Tra-la-la, tra-la-la,
Rum-tum-tiddle-um-tum."
Knut, my little red Fiat 500, stood outside on the street - sulking, because he is very, very rarely moved. The son of our caretaker grinned broadly when he saw me: "You'll move it?!?" he chuckled.
"No", I said.
"Why?" he asked.
"Because I have found such a perfect parking place".
Now he ponders if I meant it. "The Ambiguity of Entertainment", that's it.
Thursday, 13 October 2016
Yes: There's always Something...naked...
In Germany we say: "With a tear in the buttonhole". You say "With a tear in the eye" - ours might come from the parsimony of 1 tear in the buttonhole of a suit - a more manly version of showing feelings :-)
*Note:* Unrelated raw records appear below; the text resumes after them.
definition bounded_below_on :: "'a set set \<Rightarrow> ('a set \<Rightarrow> real) \<Rightarrow> bool" where
  "bounded_below_on A v \<longleftrightarrow> (\<exists>L. \<forall>S\<in>A. v S \<ge> L)"

definition bounded_balanced :: "'a set \<Rightarrow> 'a set set \<Rightarrow> ('a set \<Rightarrow> real) \<Rightarrow> bool" where
  "bounded_balanced N A v' \<longleftrightarrow> (\<exists>v. v {} = 0 \<and> bounded_below_on (gen_field N A) v \<and>
     balanced_game N (gen_field N A) v \<and> (\<forall>S\<in>A. v S = v' S))"

end

(* A maximality argument in place of Hahn-Banach.  If mu is in the core, then v' extended by mu
   outside A' lies below the additive mu with equality at N, hence is balanced: an additive set
   function sums to mu N over every balanced collection.  Conversely, Zorn's lemma gives a
   balanced game w >= v with w N = v N that cannot be raised at any coalition S ~= N without
   losing balancedness; the pointwise supremum of a chain stays balanced because balancedness
   involves only finitely many coalitions at a time.  For such w the two collections that block
   raising S and raising N - S merge into one balanced collection, which forces
   w S + w (N - S) = w N.  Balancedness of {S, T, N - (S u T)} and of {S u T, N - S, N - T}
   then makes w additive, and the lower bound of v bounds w on both sides, so w is in the core. *)

theory Submission
  imports Defs "HOL-Analysis.Measure_Space"
begin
This morning a Berlin radio moderator announced the winner of a competition - prize: a voyage to Cuba with the whole team - task: the chef has to come to work stark naked. (No place for a buttonhole or a tear). Winner: a doctor who will come nude to the surgery - and work that way - all day long.
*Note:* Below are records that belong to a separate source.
context
  fixes P M :: "'a::second_countable_topology measure"
  assumes P: "finite_borel P" and M: "finite_borel M"
begin

lemma comb_int2_add:
  "bounded_borel f \<Longrightarrow> bounded_borel g \<Longrightarrow>
    comb_int2 s P M (\<lambda>x. f x + g x) = comb_int2 s P M f + comb_int2 s P M g"
  unfolding comb_int2_def using P M by (simp add: finite_borel_integrable finite_borel_pair algebra_simps)

lemma comb_int2_diff:
  "bounded_borel f \<Longrightarrow> bounded_borel g \<Longrightarrow>
    comb_int2 s P M (\<lambda>x. f x - g x) = comb_int2 s P M f - comb_int2 s P M g"
  unfolding comb_int2_def using P M by (simp add: finite_borel_integrable finite_borel_pair algebra_simps)

lemma comb_int2_cmult: "comb_int2 s P M (\<lambda>x. c * f x) = c * comb_int2 s P M f"
  unfolding comb_int2_def by (simp add: algebra_simps)

lemma comb_int2_tensor:
  assumes "s * s = 1" "bounded_borel a" "bounded_borel b"
  shows "comb_int2 s P M (\<lambda>p. a (fst p) * b (snd p)) = comb_int s P M a * comb_int s P M b"
  unfolding comb_int2_def comb_int_def using assms P M by (simp add: integral_tensor algebra_simps)

lemma comb_int2_indicator:
  "comb_int2 s P M (indicator B) = measure (P \<Otimes>\<^sub>M P) B + s * measure (P \<Otimes>\<^sub>M M) B
     + s * measure (M \<Otimes>\<^sub>M P) B + measure (M \<Otimes>\<^sub>M M) B"
  unfolding comb_int2_def using P M
  by (simp only: finite_borel_integral_indicator finite_borel_pair)

lemma comb_int2_abs_le:
  assumes s: "s * s = 1" and g: "bounded_borel g" and bound: "\<And>x. \<bar>f x\<bar> \<le> g x"
  shows "\<bar>comb_int2 s P M f\<bar> \<le> comb_int2 1 P M g"
proof -
  have "(s - 1) * (s + 1) = 0" using s by (simp add: algebra_simps)
  then have "\<bar>s\<bar> = 1" by auto
  moreover have "\<bar>integral\<^sup>L (X \<Otimes>\<^sub>M Y) f\<bar> \<le> integral\<^sup>L (X \<Otimes>\<^sub>M Y) g"
    if "X \<in> {P, M}" "Y \<in> {P, M}" for X Y
  proof (rule integral_abs_le_integral[OF finite_borel_integrable[OF finite_borel_pair g] bound])
    show "finite_borel X" "finite_borel Y" using that P M by auto
  qed
  ultimately show ?thesis unfolding comb_int2_def abs_mult[symmetric]
    by (intro order.trans[OF abs_triangle_ineq] add_mono order_refl) (auto simp: abs_mult)
qed

end

lemma tendsto_integral_bounded:
  assumes A: "finite_borel A" and F: "\<And>n. F n \<in> borel_measurable borel" "F0 \<in> borel_measurable borel"
    and bound: "\<And>n x. \<bar>F n x\<bar> \<le> B" and lim: "\<And>x. (\<lambda>n. F n x) \<longlonglongrightarrow> F0 x"
  shows "(\<lambda>n. integral\<^sup>L A (F n)) \<longlonglongrightarrow> integral\<^sup>L A (F0 :: _ \<Rightarrow> real)"
proof (rule integral_dominated_convergence[where w="\<lambda>x. B"])
  show "integrable A (\<lambda>x. B)" using A bounded_borel_const by (rule finite_borel_integrable)
qed (use A F bound lim in \<open>auto intro: finite_borel_measurable\<close>)

lemma tendsto_comb_int_bounded:
  assumes "finite_borel P" "finite_borel M" "\<And>n. F n \<in> borel_measurable borel" "F0 \<in> borel_measurable borel"
    and "\<And>n x. \<bar>F n x\<bar> \<le> B" and "\<And>x. (\<lambda>n. F n x) \<longlonglongrightarrow> F0 x"
  shows "(\<lambda>n. comb_int s P M (F n)) \<longlonglongrightarrow> comb_int s P M F0"
  unfolding comb_int_def using assms
  by (intro tendsto_add tendsto_mult tendsto_const tendsto_integral_bounded)

lemma tendsto_comb_int2_bounded:
  fixes P M :: "'a::second_countable_topology measure"
  assumes "finite_borel P" "finite_borel M" "\<And>n. F n \<in> borel_measurable borel" "F0 \<in> borel_measurable borel"
    and "\<And>n x. \<bar>F n x\<bar> \<le> B" and "\<And>x. (\<lambda>n. F n x) \<longlonglongrightarrow> F0 x"
  shows "(\<lambda>n. comb_int2 s P M (F n)) \<longlonglongrightarrow> comb_int2 s P M F0"
  unfolding comb_int2_def using assms
  by (intro tendsto_add tendsto_mult tendsto_const tendsto_integral_bounded finite_borel_pair)

section \<open>The diagonal and continuous approximations\<close>

lemma closed_Id: "closed (Id :: ('a::t2_space \<times> 'a) set)"
  unfolding Id_fstsnd_eq by (intro closed_Collect_eq continuous_on_fst continuous_on_snd continuous_on_id)

lemma Id_borel: "(Id :: ('a::{second_countable_topology, t2_space} \<times> 'a) set) \<in> sets borel"
  using closed_Id by (rule borel_closed)

lemma emeasure_pair_Id_nonatomic_right:
  fixes A B :: "'a::{second_countable_topology, t2_space} measure"
  assumes A: "finite_borel A" and B: "finite_borel B" and atomless: "\<And>x. emeasure B {x} = 0"
  shows "emeasure (A \<Otimes>\<^sub>M B) Id = 0"
proof -
  interpret B: finite_measure B using B by (simp add: finite_borel_def)
  have "Id \<in> sets (A \<Otimes>\<^sub>M B)"
    using finite_borel_pair[OF A B] Id_borel by (simp add: finite_borel_def)
  then have "emeasure (A \<Otimes>\<^sub>M B) Id = (\<integral>\<^sup>+x. emeasure B (Pair x -` Id) \<partial>A)"
    by (rule B.emeasure_pair_measure_alt)
  also have "\<dots> = 0"
    using atomless by (simp add: vimage_def)
  finally show ?thesis .
qed

lemma emeasure_pair_Id_nonatomic_left:
  fixes A B :: "'a::{second_countable_topology, t2_space} measure"
  assumes A: "finite_borel A" and B: "finite_borel B" and atomless: "\<And>x. emeasure A {x} = 0"
  shows "emeasure (A \<Otimes>\<^sub>M B) Id = 0"
proof -
  interpret A: finite_measure A using A by (simp add: finite_borel_def)
  interpret B: finite_measure B using B by (simp add: finite_borel_def)
  interpret pair_sigma_finite A B ..
  have "Id \<in> sets (A \<Otimes>\<^sub>M B)"
    using finite_borel_pair[OF A B] Id_borel by (simp add: finite_borel_def)
  then have "emeasure (A \<Otimes>\<^sub>M B) Id = (\<integral>\<^sup>+y. emeasure A ((\<lambda>x. (x, y)) -` Id) \<partial>B)"
    by (rule emeasure_pair_measure_alt2)
  also have "\<dots> = 0"
    using atomless by (simp add: vimage_def)
  finally show ?thesis .
qed

text \<open>The case split is needed because \<open>infdist p {} = 0\<close>.\<close>

definition indicator_approx :: "'a::metric_space set \<Rightarrow> nat \<Rightarrow> 'a \<Rightarrow> real" where
  "indicator_approx S n p = (if S = {} then 0 else max 0 (1 - real (Suc n) * infdist p S))"

lemma indicator_approx_range: "0 \<le> indicator_approx S n p" "indicator_approx S n p \<le> 1"
  unfolding indicator_approx_def using infdist_nonneg[of p S] by auto

lemma bcont_indicator_approx: "bcont (indicator_approx S n)"
proof -
  have "continuous_on UNIV (\<lambda>p. max 0 (1 - real (Suc n) * infdist p S))"
    by (intro continuous_intros)
  then have "continuous_on UNIV (indicator_approx S n)"
    unfolding indicator_approx_def by (cases "S = {}") auto
  moreover have "bounded (range (indicator_approx S n))"
    unfolding bounded_real using indicator_approx_range[of S n] by (intro exI[of _ 1]) auto
  ultimately show ?thesis unfolding bcont_def by blast
qed

lemma tendsto_indicator_approx:
  assumes S: "closed S"
  shows "(\<lambda>n. indicator_approx S n p) \<longlonglongrightarrow> indicator S p"
proof (cases "S = {} \<or> p \<in> S")
  case True
  then have "indicator_approx S n p = indicator S p" for n
    by (auto simp: indicator_approx_def)
  then show ?thesis by simp
next
  case False
  then have d: "0 < infdist p S" using infdist_pos_not_in_closed[OF S] by blast
  obtain N :: nat where N: "1 / infdist p S < real N" using reals_Archimedean2 by blast
  have "indicator_approx S n p = 0" if "N \<le> n" for n
  proof -
    have "1 / infdist p S < real (Suc n)" using N that by linarith
    then have "1 < real (Suc n) * infdist p S" using d by (simp add: field_simps)
    then show ?thesis using False by (simp add: indicator_approx_def)
  qed
  then have "(\<lambda>n. indicator_approx S n p) \<longlonglongrightarrow> 0"
    by (intro tendsto_eventually) (auto simp: eventually_sequentially)
  then show ?thesis using False by simp
qed

lemma tendsto_comb_int_indicator_approx:
  assumes P: "finite_borel P" and M: "finite_borel M" and S: "closed S"
  shows "(\<lambda>n. comb_int s P M (indicator_approx S n)) \<longlonglongrightarrow> comb_int s P M (indicator S)"
proof (rule tendsto_comb_int_bounded[OF P M, where B=1])
  show "indicator_approx S n \<in> borel_measurable borel" for n
    by (intro bounded_borel_measurable bcont_bounded_borel bcont_indicator_approx)
  show "(indicator S :: _ \<Rightarrow> real) \<in> borel_measurable borel"
    using S by (simp add: borel_closed)
  show "\<bar>indicator_approx S n x\<bar> \<le> 1" for n x
    using indicator_approx_range[of S n x] by simp
qed (rule tendsto_indicator_approx[OF S])

definition ramp :: "real \<Rightarrow> 'a::real_normed_vector \<Rightarrow> real" where
  "ramp d v = min 1 (norm v / d)"

lemma ramp_nonneg: "0 \<le> d \<Longrightarrow> 0 \<le> ramp d v"
  unfolding ramp_def by auto

lemma ramp_le_1: "ramp d v \<le> 1"
  unfolding ramp_def by auto

lemma ramp_0 [simp]: "ramp d 0 = 0"
  by (simp add: ramp_def)

lemma continuous_on_ramp: "0 < d \<Longrightarrow> continuous_on UNIV (ramp d)"
  unfolding ramp_def by (intro continuous_intros) auto

lemma ramp_eventually_1:
  assumes "v \<noteq> 0"
  shows "eventually (\<lambda>n. ramp (1 / real (Suc n)) v = 1) sequentially"
proof -
  obtain N :: nat where N: "1 / norm v < real N" using reals_Archimedean2 by blast
  have "ramp (1 / real (Suc n)) v = 1" if "N \<le> n" for n
  proof -
    have "1 / norm v < real (Suc n)" using N that by linarith
    then have "1 < norm v * real (Suc n)" using assms by (simp add: field_simps)
    then show ?thesis by (simp add: ramp_def)
  qed
  then show ?thesis unfolding eventually_sequentially by blast
qed

lemma continuous_on_diff_pair: "continuous_on UNIV (\<lambda>p::'a::real_normed_vector \<times> 'a. fst p - snd p)"
  by (intro continuous_on_diff continuous_on_fst continuous_on_snd continuous_on_id)

lemma continuous_on_ramp_diff:
  "0 < d \<Longrightarrow> continuous_on UNIV (\<lambda>p::'a::real_normed_vector \<times> 'a. ramp d (fst p - snd p))"
  by (rule continuous_on_compose2[OF continuous_on_ramp continuous_on_diff_pair]) auto

lemma integral_off_Id:
  fixes X Y :: "'a::{second_countable_topology, t2_space} measure"
  assumes X: "finite_borel X" and Y: "finite_borel Y" and null: "emeasure (X \<Otimes>\<^sub>M Y) Id = 0"
    and g: "bounded_borel g"
  shows "(\<integral>p. g p * indicator (-Id) p \<partial>(X \<Otimes>\<^sub>M Y)) = integral\<^sup>L (X \<Otimes>\<^sub>M Y) g"
proof (rule integral_cong_AE)
  have XY: "finite_borel (X \<Otimes>\<^sub>M Y)" using X Y by (rule finite_borel_pair)
  show "(\<lambda>p. g p * indicator (-Id) p) \<in> borel_measurable (X \<Otimes>\<^sub>M Y)"
    using bounded_borel_mult[OF g bounded_borel_indicator[OF borel_comp[OF Id_borel]]]
    by (intro finite_borel_measurable[OF XY] bounded_borel_measurable)
  show "g \<in> borel_measurable (X \<Otimes>\<^sub>M Y)"
    using g by (intro finite_borel_measurable[OF XY] bounded_borel_measurable)
  have "Id \<in> null_sets (X \<Otimes>\<^sub>M Y)"
    using null XY Id_borel by (intro null_setsI) (auto simp: finite_borel_def)
  then show "AE p in X \<Otimes>\<^sub>M Y. g p * indicator (-Id) p = g p"
    by (rule AE_I') (auto simp: indicator_def)
qed

definition cutoff :: "real \<Rightarrow> 'a::real_normed_vector \<Rightarrow> real" where
  "cutoff R x = max 0 (min 1 (R + 1 - norm x))"

lemma continuous_on_cutoff: "continuous_on UNIV (cutoff R)"
  unfolding cutoff_def by (intro continuous_intros)

lemma cutoff_range: "0 \<le> cutoff R x" "cutoff R x \<le> 1"
  unfolding cutoff_def by auto

lemma cutoff_eq_1: "norm x \<le> R \<Longrightarrow> cutoff R x = 1"
  unfolding cutoff_def by auto

lemma cutoff_eq_0: "x \<notin> cball 0 (R + 1) \<Longrightarrow> cutoff R x = 0"
  unfolding cutoff_def by auto

lemma bcont_mult_compact_support:
  fixes w f :: "'a::metric_space \<Rightarrow> real"
  assumes w: "continuous_on UNIV w" "\<And>x. \<bar>w x\<bar> \<le> 1" "\<And>x. x \<notin> K \<Longrightarrow> w x = 0"
    and K: "compact K" and f: "continuous_on UNIV f"
  shows "bcont (\<lambda>x. w x * f x)"
proof -
  obtain B where B: "\<And>x. x \<in> K \<Longrightarrow> \<bar>f x\<bar> \<le> B"
    using compact_imp_bounded[OF compact_continuous_image[OF continuous_on_subset[OF f] K]]
    unfolding bounded_real by blast
  have "\<bar>w x * f x\<bar> \<le> \<bar>B\<bar>" for x
  proof (cases "x \<in> K")
    case True
    have "\<bar>w x\<bar> * \<bar>f x\<bar> \<le> 1 * \<bar>B\<bar>"
      using w(2)[of x] B[OF True] by (intro mult_mono) auto
    then show ?thesis by (simp add: abs_mult)
  qed (simp add: w(3))
  then have "bounded (range (\<lambda>x. w x * f x))" unfolding bounded_real by blast
  then show ?thesis unfolding bcont_def using w(1) f by (auto intro: continuous_on_mult)
qed

lemma bcont_cutoff_mult:
  fixes f :: "'a::{heine_borel, real_normed_vector} \<Rightarrow> real"
  assumes "continuous_on UNIV f"
  shows "bcont (\<lambda>x. cutoff R x * f x)"
proof (rule bcont_mult_compact_support[where K="cball 0 (R + 1)"])
  show "\<bar>cutoff R x\<bar> \<le> 1" for x
    using cutoff_range[of R x] by simp
qed (use assms cutoff_eq_0 continuous_on_cutoff in auto)

lemma bcont_cutoff2_mult:
  fixes f :: "'a::{heine_borel, real_normed_vector} \<times> 'a \<Rightarrow> real"
  assumes "continuous_on UNIV f"
  shows "bcont (\<lambda>z. cutoff R (fst z) * cutoff R (snd z) * f z)"
proof (rule bcont_mult_compact_support[where K="cball 0 (R + 1) \<times> cball 0 (R + 1)"])
  show "continuous_on UNIV (\<lambda>z::'a \<times> 'a. cutoff R (fst z) * cutoff R (snd z))"
    by (intro continuous_on_mult continuous_on_compose2[OF continuous_on_cutoff])
      (auto intro: continuous_on_fst continuous_on_snd continuous_on_id)
  show "\<bar>cutoff R (fst z) * cutoff R (snd z)\<bar> \<le> 1" for z :: "'a \<times> 'a"
    using cutoff_range[of R "fst z"] cutoff_range[of R "snd z"] by (simp add: mult_le_one)
  show "cutoff R (fst z) * cutoff R (snd z) = 0" if "z \<notin> cball 0 (R + 1) \<times> cball 0 (R + 1)" for z :: "'a \<times> 'a"
    using that by (cases z) (auto simp: cutoff_eq_0)
qed (auto intro: compact_Times assms)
That doctor volunteered - argument: "As a dermatologist my patients have to undress in front of me too - so it's only fair."
Aha.
I hope that the few doctors I have will be able to pay their travels with the money they earn from us private patients (One handshake: 150 Euros, in combination with a smile: 250 Euros).
Why the tear in my buttonhole (or on the Gaura on my balcony - took a photgraph yesterday - it is still raining - but isn't it lovely?)
Well - at the moment I have lots of work to do. That's why I'll change the style of my posts - at least for a while - to shorter impressions.
As the sign on German phone boxes in the Sixties urged:
"Make it brief!" (Haha - I :-) - anybody knocking at the glass door?)
Wednesday, 12 October 2016
There's always Something...
Fire on the roof of the Europa Center in Berlin yesterday - thank God nobody of the 1500 people who work there was hurt.
The building is 103 meters high and was built between 1963 - 1965. As a pupil visiting Berlin with my classmates we all thought it the highest fashionable store we'd ever seen.
Yesterday I came from the Museum für Fotografie, where they show an excellent exhibition by Bernard Larsson: "Leaving is Entering" - with photos from 1961 - 1968. Then I saw the smoke and grabbed my smartphone (NO, not the Galaxy Note 7 :-) and took some pictures.
What people bemoan most: the huge Mercedes-Star on the "Icon of City West" doesn't turn around anymore (if you try hard you might see it middle-left) - it is ten meter high and turns around 1,9 times in a minute, never stopped since 1965, when the Center was built.
PS: But today all is fine: it turns again.
Saturday, 1 October 2016
Grateful
L' été c'est fini ...
... and I feel thankful for such a lovely, lovely solitary summer!
Here a part from George Herbert's poem 'The Flower'
...And now in age I bud again,
After so many deaths I live and write;
I once more smell the dew and rain,
And relish versing: O my only light,
It cannot be
That I am he
On whom thy tempests fell all right.
Monday, 26 September 2016
Boring for England?
No, I don't want to bore you.
So these photos will be the last ones from my visit to London I'll show you, promised.
They are more traditional, because Rachel complained that the others "could be everywhere"-
These ones NOT:
Ha, you might think: now I've got you! These could be from Paris!
Maybe they could - but they are from Battersea Park.
Glorious!
And can you believe that the father of my friend Trish accompanied Mr.Churchill to the Wannsee-Konferenz?
And that I saw a letter to her father, written by him:
PS: "And what do you think of Britta's Dream Aga, Sweetie?"
"Absolutely Fabulous!"
... and VERY British
And this I found - I swear - in London - Street Art you could find anywhere?
:
Anyway: I will return. Again. And again.
(Promise to myself)
Monday, 19 September 2016
A quick run on Monday through London (Part II)
I visited museums for old and modern Art
e.g. Tate Britain
and Tate Modern
revelled in Street Art
and felt refreshed by Nature
saw Things battling hard to survive
or having lost the fight against time already
dreaming seclusively of times bygone
while others, overhauled, look somehow like fakes:
As it is Monday evening (but I promised to write, so discipline wins) I was a bit in a hurry, sorry - in a few days I will show you the last (condensed) part of my impressions of lovely London.